__Task prompt__
In the data below, one line contains "unfolding compact_open_def CO_subbasis_def" and a later one contains "unfolding nhd_in_def using". Print both, with every line between them, exactly and alone.

__Dataset entries__
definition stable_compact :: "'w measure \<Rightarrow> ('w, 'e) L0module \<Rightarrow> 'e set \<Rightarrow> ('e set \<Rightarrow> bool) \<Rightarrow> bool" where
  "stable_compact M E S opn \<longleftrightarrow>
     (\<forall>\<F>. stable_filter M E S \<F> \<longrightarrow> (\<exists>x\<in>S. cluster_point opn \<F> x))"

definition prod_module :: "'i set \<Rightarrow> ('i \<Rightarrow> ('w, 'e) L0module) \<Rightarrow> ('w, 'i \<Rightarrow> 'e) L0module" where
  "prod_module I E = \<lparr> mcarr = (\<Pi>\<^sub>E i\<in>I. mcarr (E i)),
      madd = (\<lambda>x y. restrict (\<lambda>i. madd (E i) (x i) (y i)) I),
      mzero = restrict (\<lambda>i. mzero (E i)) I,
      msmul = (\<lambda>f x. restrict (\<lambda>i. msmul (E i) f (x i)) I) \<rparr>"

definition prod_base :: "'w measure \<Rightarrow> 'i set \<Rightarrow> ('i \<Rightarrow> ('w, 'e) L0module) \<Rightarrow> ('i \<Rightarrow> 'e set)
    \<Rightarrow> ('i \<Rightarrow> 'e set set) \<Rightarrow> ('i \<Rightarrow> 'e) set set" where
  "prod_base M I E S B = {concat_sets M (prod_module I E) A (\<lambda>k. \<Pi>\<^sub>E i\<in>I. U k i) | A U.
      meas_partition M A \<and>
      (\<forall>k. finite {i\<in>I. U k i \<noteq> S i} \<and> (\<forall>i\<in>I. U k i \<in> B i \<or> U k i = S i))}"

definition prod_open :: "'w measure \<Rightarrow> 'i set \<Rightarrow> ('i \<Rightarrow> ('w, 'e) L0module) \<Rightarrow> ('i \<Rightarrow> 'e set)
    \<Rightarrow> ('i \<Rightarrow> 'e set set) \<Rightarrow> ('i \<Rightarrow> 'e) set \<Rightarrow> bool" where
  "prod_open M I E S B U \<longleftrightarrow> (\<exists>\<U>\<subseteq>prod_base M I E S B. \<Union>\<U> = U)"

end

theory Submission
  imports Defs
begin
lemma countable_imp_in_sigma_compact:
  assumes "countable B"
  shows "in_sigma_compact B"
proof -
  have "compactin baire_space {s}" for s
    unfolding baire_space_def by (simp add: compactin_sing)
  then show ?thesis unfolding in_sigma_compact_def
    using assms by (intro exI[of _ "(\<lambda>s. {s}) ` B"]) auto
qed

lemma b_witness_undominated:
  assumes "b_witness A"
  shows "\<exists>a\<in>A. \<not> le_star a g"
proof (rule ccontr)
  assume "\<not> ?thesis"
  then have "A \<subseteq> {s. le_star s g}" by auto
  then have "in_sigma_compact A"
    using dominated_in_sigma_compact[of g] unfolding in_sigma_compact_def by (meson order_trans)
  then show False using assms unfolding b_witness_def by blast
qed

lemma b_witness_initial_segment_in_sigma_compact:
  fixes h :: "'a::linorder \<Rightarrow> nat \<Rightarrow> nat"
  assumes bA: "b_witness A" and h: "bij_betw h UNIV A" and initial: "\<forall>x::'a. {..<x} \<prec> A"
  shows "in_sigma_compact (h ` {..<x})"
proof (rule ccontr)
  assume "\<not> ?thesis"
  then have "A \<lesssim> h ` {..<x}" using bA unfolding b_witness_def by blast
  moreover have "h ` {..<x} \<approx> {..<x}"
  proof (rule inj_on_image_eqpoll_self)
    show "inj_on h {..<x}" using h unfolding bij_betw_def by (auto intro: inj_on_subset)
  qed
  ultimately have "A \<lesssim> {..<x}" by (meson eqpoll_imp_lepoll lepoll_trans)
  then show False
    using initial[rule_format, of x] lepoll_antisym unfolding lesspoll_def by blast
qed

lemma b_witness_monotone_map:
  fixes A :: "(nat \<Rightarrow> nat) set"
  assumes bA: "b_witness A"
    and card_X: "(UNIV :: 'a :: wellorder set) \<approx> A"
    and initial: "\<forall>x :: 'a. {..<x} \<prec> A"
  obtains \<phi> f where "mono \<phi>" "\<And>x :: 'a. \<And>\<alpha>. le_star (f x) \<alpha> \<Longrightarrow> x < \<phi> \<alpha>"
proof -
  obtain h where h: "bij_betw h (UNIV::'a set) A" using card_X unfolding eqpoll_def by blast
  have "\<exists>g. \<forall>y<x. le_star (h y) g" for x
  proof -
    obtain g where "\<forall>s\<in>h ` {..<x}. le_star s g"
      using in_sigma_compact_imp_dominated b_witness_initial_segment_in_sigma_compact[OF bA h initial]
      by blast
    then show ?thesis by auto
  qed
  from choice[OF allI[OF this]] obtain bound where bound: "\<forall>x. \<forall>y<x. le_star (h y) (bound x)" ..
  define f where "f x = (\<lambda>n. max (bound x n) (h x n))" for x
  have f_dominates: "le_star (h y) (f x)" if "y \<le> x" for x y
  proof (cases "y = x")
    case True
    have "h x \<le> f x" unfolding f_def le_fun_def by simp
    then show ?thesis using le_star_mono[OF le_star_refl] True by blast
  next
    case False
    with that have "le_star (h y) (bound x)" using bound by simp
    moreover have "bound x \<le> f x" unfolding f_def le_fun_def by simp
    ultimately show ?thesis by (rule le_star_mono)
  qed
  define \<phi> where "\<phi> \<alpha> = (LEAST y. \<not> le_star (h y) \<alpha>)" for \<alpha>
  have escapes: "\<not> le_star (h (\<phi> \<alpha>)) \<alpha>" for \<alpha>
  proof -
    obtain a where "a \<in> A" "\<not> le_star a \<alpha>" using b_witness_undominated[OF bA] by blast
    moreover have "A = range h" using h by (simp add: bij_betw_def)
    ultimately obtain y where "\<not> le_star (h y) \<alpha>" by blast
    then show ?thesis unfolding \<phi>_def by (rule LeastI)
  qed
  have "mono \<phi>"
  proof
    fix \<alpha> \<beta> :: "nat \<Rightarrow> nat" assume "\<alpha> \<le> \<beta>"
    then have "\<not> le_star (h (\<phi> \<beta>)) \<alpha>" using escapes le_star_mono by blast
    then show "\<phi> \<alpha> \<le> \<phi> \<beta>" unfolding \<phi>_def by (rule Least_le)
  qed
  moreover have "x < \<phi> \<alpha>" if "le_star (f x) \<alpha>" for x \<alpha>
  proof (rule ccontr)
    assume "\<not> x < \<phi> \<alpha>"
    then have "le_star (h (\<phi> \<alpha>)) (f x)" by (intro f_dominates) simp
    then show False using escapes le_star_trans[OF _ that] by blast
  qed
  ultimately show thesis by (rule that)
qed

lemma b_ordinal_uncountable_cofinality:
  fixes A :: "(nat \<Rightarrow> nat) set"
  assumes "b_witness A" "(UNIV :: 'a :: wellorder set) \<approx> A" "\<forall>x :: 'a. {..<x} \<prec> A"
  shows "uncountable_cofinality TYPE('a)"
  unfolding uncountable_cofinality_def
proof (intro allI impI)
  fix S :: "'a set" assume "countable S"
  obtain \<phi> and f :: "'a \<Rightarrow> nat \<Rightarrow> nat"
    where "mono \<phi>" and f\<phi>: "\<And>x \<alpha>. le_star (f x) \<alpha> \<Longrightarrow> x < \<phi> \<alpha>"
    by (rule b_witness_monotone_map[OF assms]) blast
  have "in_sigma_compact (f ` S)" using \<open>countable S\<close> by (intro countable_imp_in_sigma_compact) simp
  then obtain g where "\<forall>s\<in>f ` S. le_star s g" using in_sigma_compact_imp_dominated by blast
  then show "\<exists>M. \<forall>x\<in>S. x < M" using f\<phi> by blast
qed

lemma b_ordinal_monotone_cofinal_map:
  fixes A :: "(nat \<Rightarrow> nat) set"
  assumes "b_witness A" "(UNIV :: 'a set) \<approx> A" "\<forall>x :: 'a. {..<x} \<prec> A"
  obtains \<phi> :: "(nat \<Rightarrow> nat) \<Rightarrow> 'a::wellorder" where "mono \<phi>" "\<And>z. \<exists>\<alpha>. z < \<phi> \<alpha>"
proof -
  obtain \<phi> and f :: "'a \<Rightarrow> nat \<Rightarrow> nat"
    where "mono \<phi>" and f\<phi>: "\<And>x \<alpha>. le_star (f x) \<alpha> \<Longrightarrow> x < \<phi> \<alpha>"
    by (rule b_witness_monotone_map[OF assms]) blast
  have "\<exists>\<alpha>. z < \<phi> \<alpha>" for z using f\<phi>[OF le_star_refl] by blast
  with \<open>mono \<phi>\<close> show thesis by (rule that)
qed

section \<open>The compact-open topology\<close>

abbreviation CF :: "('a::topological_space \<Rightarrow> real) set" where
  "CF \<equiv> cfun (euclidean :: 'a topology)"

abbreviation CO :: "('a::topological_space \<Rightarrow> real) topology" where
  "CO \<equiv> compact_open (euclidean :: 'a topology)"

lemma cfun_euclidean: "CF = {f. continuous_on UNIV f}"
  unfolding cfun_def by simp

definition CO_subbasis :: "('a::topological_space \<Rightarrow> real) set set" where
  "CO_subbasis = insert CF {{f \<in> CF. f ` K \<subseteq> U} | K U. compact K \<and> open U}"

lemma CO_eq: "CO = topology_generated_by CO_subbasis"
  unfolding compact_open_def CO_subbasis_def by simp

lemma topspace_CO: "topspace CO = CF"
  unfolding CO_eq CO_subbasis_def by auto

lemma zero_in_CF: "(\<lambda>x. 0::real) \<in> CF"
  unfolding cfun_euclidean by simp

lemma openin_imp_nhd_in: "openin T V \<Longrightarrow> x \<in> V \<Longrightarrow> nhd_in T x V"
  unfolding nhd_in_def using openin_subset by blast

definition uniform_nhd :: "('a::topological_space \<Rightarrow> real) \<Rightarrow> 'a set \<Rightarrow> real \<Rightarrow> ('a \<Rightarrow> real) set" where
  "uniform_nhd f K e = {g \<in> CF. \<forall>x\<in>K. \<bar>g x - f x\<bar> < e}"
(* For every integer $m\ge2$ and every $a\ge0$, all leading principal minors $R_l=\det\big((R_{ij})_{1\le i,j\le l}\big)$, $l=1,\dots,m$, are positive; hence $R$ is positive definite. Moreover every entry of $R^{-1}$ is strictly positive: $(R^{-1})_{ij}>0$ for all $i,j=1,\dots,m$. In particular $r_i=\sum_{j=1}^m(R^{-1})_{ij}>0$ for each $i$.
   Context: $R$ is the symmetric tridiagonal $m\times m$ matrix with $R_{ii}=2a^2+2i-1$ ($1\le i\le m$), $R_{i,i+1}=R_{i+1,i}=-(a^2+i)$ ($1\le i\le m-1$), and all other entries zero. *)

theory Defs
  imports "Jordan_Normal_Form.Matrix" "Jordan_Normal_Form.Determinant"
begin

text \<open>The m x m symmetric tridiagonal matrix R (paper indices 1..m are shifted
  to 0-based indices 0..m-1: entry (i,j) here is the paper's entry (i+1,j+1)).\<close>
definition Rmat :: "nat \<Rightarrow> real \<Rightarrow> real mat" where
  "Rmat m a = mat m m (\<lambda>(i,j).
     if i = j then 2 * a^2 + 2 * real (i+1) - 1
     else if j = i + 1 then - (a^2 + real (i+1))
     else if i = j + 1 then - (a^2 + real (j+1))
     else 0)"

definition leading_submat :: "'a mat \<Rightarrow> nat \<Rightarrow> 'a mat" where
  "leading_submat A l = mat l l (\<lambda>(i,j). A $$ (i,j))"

__Result of this task__
  unfolding compact_open_def CO_subbasis_def by simp

lemma topspace_CO: "topspace CO = CF"
  unfolding CO_eq CO_subbasis_def by auto

lemma zero_in_CF: "(\<lambda>x. 0::real) \<in> CF"
  unfolding cfun_euclidean by simp

lemma openin_imp_nhd_in: "openin T V \<Longrightarrow> x \<in> V \<Longrightarrow> nhd_in T x V"
  unfolding nhd_in_def using openin_subset by blast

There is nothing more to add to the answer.